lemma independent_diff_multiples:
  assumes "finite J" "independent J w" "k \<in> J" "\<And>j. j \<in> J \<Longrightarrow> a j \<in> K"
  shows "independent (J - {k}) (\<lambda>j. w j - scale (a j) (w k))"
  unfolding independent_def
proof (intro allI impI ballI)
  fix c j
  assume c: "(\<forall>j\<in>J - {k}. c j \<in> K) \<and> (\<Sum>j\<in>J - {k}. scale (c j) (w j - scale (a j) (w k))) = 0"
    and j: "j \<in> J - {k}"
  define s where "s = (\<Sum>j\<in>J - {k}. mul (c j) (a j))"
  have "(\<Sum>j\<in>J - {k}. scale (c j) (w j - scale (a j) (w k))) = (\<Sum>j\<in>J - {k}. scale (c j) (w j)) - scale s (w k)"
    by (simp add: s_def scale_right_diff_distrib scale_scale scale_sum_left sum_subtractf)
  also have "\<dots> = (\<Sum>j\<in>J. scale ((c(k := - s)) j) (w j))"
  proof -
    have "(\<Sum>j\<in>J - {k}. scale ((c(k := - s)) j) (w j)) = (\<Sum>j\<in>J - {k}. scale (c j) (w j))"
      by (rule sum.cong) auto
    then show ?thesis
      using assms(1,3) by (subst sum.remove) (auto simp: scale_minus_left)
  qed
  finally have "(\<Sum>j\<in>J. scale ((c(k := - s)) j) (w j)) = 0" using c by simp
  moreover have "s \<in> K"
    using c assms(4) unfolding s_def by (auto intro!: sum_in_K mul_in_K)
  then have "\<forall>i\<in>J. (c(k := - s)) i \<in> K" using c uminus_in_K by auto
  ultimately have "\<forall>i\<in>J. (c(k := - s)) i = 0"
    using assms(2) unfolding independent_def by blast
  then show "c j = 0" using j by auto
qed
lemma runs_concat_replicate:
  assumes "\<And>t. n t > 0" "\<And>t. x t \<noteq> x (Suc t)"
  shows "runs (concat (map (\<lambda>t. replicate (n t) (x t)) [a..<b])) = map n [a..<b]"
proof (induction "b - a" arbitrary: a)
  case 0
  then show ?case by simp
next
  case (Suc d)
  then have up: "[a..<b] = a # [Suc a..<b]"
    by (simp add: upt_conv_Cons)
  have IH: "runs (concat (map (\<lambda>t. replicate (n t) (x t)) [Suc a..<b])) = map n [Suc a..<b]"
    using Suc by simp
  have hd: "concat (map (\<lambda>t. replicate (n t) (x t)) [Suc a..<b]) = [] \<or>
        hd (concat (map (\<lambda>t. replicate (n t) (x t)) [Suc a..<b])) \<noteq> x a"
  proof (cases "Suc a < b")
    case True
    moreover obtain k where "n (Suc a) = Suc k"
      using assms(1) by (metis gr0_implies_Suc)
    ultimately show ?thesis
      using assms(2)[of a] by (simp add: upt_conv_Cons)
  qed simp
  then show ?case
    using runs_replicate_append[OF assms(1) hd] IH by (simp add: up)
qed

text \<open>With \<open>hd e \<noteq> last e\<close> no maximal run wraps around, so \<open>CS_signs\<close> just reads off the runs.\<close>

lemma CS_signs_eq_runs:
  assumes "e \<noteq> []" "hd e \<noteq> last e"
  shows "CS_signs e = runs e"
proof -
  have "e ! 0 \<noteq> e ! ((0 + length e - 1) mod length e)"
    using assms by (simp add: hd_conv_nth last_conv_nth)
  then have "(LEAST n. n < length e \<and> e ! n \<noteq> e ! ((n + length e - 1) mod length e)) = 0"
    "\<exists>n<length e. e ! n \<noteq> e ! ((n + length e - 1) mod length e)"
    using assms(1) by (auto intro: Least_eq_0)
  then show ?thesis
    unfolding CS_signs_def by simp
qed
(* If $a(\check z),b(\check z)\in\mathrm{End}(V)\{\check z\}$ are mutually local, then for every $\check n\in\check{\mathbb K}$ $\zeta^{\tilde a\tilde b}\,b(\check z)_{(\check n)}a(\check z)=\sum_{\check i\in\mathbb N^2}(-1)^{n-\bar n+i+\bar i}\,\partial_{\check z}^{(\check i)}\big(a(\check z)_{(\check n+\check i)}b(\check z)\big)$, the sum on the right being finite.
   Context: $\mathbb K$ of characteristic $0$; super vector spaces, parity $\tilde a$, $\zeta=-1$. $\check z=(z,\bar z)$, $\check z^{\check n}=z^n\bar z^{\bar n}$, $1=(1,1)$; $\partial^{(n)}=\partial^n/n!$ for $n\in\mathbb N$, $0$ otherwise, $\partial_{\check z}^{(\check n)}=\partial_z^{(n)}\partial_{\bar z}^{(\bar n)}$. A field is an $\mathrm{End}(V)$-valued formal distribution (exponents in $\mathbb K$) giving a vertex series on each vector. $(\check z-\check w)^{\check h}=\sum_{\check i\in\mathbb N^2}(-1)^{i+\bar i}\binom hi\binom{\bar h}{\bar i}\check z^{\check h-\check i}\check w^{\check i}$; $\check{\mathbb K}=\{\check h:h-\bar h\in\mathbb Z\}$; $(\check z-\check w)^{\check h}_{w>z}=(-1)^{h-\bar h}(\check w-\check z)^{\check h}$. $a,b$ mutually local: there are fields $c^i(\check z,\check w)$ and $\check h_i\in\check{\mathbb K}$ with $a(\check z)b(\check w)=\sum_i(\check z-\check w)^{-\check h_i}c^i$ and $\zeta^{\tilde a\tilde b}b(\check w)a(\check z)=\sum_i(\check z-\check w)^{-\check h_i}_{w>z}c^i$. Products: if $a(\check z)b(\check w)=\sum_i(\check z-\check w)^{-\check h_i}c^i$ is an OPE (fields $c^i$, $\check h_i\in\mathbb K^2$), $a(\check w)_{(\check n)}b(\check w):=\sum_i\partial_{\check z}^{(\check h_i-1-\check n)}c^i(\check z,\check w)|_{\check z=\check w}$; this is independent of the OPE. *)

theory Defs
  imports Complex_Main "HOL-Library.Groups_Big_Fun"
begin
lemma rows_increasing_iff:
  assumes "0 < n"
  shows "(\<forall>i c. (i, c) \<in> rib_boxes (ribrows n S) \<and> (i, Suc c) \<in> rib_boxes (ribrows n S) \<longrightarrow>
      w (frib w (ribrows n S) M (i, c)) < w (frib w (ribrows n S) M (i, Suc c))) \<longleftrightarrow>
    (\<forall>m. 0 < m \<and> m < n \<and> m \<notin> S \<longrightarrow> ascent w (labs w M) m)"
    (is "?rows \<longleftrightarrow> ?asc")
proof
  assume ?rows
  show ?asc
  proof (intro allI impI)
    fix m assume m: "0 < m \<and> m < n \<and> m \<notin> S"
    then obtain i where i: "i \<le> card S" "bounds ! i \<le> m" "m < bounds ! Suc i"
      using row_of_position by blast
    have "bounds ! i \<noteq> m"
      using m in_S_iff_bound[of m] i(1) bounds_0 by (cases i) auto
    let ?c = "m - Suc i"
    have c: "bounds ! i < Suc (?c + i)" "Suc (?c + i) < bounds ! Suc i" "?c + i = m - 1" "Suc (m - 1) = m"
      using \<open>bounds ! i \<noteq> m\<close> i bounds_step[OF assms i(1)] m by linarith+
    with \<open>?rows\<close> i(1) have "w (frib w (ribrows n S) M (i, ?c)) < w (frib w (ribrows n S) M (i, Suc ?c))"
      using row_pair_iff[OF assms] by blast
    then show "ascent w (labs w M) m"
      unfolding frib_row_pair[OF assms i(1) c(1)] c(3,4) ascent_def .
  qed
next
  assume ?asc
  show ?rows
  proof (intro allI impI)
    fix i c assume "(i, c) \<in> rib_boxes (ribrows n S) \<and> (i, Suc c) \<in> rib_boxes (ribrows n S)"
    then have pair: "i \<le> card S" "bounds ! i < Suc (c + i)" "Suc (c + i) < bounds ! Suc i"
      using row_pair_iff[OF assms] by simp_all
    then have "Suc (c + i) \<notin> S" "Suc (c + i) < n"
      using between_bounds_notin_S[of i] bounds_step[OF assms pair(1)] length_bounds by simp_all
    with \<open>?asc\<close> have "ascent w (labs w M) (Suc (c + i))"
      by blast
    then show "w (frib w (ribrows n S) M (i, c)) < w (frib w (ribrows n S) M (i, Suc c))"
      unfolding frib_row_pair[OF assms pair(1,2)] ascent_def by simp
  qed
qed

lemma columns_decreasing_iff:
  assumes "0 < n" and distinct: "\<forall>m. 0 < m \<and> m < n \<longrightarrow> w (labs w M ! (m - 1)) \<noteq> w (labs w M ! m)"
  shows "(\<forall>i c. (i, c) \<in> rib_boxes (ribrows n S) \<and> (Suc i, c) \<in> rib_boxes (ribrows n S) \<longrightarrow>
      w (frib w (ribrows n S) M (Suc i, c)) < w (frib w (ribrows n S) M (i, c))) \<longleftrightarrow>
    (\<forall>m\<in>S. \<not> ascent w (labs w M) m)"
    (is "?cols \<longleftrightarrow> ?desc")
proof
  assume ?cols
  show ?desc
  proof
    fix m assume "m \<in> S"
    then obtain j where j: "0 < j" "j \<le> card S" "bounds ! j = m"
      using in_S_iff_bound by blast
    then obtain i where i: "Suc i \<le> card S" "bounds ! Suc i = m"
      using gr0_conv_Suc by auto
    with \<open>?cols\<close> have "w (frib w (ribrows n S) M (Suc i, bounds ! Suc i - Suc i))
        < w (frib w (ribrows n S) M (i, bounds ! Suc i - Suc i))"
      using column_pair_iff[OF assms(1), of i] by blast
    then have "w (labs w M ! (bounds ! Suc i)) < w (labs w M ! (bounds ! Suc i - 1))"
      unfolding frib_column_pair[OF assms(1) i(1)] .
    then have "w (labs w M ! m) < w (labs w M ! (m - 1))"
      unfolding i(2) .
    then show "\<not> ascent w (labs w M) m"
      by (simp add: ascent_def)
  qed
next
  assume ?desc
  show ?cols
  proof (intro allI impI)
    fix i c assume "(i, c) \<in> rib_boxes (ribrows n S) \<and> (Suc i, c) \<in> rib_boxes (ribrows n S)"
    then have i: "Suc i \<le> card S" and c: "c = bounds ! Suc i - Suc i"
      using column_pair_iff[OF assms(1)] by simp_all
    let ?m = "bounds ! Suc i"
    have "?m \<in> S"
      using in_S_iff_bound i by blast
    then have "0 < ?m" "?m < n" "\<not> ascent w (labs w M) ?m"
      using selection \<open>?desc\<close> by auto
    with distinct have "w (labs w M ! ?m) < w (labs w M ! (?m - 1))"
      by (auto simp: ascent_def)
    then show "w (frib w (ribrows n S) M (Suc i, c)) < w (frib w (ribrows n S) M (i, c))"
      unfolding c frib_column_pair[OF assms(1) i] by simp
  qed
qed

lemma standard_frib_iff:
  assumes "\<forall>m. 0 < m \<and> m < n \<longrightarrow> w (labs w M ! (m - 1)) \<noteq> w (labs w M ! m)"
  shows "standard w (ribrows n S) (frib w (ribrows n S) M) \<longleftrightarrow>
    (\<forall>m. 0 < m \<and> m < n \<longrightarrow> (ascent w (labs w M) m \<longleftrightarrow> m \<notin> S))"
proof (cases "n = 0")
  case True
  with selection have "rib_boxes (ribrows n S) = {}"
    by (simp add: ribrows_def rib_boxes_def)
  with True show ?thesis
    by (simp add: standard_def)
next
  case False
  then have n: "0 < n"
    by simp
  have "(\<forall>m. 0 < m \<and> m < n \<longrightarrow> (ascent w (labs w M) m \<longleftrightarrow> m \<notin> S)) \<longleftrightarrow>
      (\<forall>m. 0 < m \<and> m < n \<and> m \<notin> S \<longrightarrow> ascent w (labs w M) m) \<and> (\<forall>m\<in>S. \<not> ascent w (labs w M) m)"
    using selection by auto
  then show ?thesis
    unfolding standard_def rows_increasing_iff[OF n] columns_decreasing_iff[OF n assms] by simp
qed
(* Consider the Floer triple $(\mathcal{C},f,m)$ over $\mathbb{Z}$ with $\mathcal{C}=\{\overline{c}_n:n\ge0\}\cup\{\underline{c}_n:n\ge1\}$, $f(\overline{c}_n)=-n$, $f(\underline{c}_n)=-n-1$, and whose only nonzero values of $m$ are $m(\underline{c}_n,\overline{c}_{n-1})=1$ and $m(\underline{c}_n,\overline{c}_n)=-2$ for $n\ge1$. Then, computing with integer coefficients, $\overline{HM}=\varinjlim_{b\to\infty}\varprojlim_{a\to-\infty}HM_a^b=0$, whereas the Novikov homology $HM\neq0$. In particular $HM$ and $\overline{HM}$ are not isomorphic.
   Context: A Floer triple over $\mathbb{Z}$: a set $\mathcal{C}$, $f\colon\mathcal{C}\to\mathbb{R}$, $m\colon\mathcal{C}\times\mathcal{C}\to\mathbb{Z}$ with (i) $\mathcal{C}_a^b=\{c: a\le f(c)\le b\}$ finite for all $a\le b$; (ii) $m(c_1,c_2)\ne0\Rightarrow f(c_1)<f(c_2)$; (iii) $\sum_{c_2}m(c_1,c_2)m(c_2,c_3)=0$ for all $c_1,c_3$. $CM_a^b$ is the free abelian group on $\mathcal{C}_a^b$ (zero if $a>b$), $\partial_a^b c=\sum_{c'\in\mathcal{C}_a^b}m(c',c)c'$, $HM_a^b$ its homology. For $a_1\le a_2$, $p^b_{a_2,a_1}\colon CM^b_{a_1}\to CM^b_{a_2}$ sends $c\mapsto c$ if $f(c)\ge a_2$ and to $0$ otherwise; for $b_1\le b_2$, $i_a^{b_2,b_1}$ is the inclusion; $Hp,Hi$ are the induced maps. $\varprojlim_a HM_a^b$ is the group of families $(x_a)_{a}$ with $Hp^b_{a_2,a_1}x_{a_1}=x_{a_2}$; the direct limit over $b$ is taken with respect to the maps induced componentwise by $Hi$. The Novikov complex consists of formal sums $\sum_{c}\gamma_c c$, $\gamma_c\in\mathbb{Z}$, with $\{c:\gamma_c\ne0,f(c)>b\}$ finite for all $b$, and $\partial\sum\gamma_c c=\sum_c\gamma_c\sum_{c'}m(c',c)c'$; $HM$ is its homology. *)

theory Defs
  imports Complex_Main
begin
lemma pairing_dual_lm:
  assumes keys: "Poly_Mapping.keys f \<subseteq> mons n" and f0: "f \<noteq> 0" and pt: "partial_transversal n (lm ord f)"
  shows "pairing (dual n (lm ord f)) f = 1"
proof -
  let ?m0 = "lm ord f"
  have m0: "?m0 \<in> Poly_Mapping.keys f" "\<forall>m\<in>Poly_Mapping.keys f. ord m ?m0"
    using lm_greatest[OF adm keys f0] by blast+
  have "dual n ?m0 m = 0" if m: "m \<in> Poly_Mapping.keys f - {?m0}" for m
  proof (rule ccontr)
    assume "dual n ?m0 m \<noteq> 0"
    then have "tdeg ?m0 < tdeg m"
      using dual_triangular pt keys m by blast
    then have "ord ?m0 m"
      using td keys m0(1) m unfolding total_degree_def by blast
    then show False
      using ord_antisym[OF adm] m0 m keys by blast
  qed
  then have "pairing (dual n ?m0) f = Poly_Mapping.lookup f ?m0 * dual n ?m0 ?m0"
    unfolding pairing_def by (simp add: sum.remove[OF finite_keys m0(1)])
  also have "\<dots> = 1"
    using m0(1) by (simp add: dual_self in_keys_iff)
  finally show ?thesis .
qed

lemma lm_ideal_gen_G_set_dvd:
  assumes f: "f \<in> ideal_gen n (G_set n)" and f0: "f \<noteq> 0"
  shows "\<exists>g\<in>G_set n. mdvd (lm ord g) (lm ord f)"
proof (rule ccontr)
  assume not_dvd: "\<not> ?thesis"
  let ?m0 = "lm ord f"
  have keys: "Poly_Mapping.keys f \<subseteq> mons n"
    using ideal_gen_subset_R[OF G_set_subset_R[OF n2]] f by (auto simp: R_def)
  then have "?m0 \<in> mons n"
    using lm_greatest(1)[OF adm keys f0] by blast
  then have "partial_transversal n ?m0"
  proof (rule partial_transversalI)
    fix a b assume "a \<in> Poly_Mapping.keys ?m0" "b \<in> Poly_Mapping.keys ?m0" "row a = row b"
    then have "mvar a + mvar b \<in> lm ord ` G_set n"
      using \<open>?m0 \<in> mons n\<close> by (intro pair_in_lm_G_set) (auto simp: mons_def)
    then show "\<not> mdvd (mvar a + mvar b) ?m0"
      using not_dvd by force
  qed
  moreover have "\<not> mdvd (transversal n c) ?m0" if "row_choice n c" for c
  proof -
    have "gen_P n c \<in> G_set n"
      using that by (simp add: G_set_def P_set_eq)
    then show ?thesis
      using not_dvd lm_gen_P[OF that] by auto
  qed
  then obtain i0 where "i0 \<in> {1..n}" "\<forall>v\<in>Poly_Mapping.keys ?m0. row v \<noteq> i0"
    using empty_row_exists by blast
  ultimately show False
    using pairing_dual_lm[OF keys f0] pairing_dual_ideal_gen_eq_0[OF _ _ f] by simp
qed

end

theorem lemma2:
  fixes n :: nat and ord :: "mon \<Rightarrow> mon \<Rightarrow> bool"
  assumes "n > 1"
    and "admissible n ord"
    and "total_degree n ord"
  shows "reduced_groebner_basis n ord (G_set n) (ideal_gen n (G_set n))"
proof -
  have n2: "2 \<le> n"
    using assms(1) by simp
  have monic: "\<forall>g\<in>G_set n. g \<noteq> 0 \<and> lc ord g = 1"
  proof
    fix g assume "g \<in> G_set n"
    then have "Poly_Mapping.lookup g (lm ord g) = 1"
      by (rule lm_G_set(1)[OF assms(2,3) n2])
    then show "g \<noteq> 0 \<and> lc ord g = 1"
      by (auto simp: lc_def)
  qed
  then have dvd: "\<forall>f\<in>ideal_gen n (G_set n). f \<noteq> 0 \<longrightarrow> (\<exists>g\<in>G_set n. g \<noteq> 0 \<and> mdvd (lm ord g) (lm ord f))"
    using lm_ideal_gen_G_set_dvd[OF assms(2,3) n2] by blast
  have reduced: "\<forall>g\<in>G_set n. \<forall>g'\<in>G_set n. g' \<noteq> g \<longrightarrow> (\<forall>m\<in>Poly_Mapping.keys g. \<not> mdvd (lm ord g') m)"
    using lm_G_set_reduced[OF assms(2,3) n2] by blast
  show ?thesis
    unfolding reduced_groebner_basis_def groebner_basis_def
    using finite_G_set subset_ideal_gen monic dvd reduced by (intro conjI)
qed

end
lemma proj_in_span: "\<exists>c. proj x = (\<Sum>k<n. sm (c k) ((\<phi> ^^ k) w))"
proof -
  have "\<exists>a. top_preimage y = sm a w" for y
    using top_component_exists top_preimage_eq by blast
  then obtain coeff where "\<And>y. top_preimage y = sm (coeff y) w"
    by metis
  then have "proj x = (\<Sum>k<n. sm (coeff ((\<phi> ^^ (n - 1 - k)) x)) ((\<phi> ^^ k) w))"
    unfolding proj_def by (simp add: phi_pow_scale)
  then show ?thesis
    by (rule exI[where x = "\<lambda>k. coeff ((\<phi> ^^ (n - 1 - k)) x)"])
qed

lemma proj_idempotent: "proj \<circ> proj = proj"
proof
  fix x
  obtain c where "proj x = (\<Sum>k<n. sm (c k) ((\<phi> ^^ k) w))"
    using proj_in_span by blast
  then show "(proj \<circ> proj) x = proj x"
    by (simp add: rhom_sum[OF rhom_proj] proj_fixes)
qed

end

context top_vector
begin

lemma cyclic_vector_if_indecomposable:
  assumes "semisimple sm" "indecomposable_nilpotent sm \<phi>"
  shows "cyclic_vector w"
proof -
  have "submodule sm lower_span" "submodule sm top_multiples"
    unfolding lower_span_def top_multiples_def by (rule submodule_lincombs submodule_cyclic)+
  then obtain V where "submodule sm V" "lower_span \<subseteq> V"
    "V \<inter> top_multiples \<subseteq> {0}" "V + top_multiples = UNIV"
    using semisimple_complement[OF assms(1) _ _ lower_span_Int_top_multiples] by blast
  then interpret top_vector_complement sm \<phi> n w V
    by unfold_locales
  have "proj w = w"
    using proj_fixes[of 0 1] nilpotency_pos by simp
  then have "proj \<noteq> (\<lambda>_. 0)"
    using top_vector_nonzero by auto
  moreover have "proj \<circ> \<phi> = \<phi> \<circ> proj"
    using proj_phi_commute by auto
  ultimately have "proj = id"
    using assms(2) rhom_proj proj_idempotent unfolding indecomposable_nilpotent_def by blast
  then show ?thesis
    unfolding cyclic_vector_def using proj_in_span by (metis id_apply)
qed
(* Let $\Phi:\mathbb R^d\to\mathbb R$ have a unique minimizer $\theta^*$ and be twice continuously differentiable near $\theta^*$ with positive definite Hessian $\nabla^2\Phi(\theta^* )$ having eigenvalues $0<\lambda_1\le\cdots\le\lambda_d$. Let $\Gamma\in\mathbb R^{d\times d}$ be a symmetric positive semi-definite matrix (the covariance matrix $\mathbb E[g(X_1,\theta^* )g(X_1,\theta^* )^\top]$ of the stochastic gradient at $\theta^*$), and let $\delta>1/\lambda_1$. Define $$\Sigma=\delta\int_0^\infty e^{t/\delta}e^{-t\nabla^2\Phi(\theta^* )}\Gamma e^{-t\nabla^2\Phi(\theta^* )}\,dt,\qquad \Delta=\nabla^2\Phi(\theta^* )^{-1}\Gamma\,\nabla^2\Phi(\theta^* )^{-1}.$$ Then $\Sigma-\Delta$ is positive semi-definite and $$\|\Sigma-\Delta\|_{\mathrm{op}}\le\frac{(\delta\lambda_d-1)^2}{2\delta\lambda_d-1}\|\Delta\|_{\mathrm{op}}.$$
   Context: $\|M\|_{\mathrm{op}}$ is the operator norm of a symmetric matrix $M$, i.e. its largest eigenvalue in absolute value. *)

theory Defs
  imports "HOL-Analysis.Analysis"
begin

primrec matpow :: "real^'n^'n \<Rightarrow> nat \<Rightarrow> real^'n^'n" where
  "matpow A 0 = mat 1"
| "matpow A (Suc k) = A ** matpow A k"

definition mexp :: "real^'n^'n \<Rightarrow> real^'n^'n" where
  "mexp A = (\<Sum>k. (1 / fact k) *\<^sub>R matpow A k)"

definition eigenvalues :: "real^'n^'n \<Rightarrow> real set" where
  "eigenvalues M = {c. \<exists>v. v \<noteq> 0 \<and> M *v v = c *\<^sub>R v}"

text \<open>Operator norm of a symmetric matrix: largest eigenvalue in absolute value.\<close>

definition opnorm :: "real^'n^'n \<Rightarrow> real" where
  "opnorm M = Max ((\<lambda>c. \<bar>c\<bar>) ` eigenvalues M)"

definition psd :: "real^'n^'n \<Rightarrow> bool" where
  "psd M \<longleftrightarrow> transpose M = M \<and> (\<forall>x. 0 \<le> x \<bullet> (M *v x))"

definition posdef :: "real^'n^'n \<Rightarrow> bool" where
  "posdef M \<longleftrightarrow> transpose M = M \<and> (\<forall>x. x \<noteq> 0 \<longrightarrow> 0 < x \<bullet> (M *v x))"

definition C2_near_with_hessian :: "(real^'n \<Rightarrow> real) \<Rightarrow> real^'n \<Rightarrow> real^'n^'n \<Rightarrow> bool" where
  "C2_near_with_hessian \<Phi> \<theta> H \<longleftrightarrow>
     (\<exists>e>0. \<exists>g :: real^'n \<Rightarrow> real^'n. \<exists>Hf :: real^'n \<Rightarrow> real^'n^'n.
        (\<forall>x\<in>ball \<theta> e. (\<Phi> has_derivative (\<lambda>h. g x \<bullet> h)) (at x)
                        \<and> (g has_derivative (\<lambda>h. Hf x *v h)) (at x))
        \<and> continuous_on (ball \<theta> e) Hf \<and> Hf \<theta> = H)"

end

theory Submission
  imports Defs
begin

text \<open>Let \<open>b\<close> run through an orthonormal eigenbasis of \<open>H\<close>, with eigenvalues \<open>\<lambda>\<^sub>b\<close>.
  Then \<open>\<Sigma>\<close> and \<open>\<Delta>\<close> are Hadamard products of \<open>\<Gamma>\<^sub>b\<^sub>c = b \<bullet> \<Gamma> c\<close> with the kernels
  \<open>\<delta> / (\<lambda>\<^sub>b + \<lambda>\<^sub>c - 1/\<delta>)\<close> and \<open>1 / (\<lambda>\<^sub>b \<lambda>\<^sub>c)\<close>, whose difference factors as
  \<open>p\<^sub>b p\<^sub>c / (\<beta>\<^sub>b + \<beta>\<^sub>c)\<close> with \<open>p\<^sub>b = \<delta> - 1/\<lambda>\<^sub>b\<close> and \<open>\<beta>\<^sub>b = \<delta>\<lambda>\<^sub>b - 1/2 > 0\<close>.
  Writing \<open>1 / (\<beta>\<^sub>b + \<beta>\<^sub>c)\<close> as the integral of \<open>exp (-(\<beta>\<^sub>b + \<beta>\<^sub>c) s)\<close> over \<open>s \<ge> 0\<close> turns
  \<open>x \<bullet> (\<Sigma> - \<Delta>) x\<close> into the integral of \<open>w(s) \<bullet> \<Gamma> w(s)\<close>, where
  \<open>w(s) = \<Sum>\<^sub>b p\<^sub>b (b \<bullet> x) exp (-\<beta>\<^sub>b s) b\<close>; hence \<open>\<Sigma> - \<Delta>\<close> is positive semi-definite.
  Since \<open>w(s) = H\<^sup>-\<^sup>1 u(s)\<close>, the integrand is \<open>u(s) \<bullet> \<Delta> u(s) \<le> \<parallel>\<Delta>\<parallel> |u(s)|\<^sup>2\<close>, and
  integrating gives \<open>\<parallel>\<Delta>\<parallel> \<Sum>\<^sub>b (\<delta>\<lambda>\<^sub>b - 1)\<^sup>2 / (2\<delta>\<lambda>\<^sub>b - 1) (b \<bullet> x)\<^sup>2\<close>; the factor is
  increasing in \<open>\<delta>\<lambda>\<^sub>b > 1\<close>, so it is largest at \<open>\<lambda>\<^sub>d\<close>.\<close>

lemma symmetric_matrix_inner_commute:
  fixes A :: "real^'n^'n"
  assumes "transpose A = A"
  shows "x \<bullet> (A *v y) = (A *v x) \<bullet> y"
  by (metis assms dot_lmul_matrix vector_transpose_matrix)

---*---

Work order >>
In the material above, transcribe exactly the lines beginning at the one with "0 \<noteq> e" and ending at the one with "length e \<and>", both included.

Expected answer >>
  have "e ! 0 \<noteq> e ! ((0 + length e - 1) mod length e)"
    using assms by (simp add: hd_conv_nth last_conv_nth)
  then have "(LEAST n. n < length e \<and> e ! n \<noteq> e ! ((n + length e - 1) mod length e)) = 0"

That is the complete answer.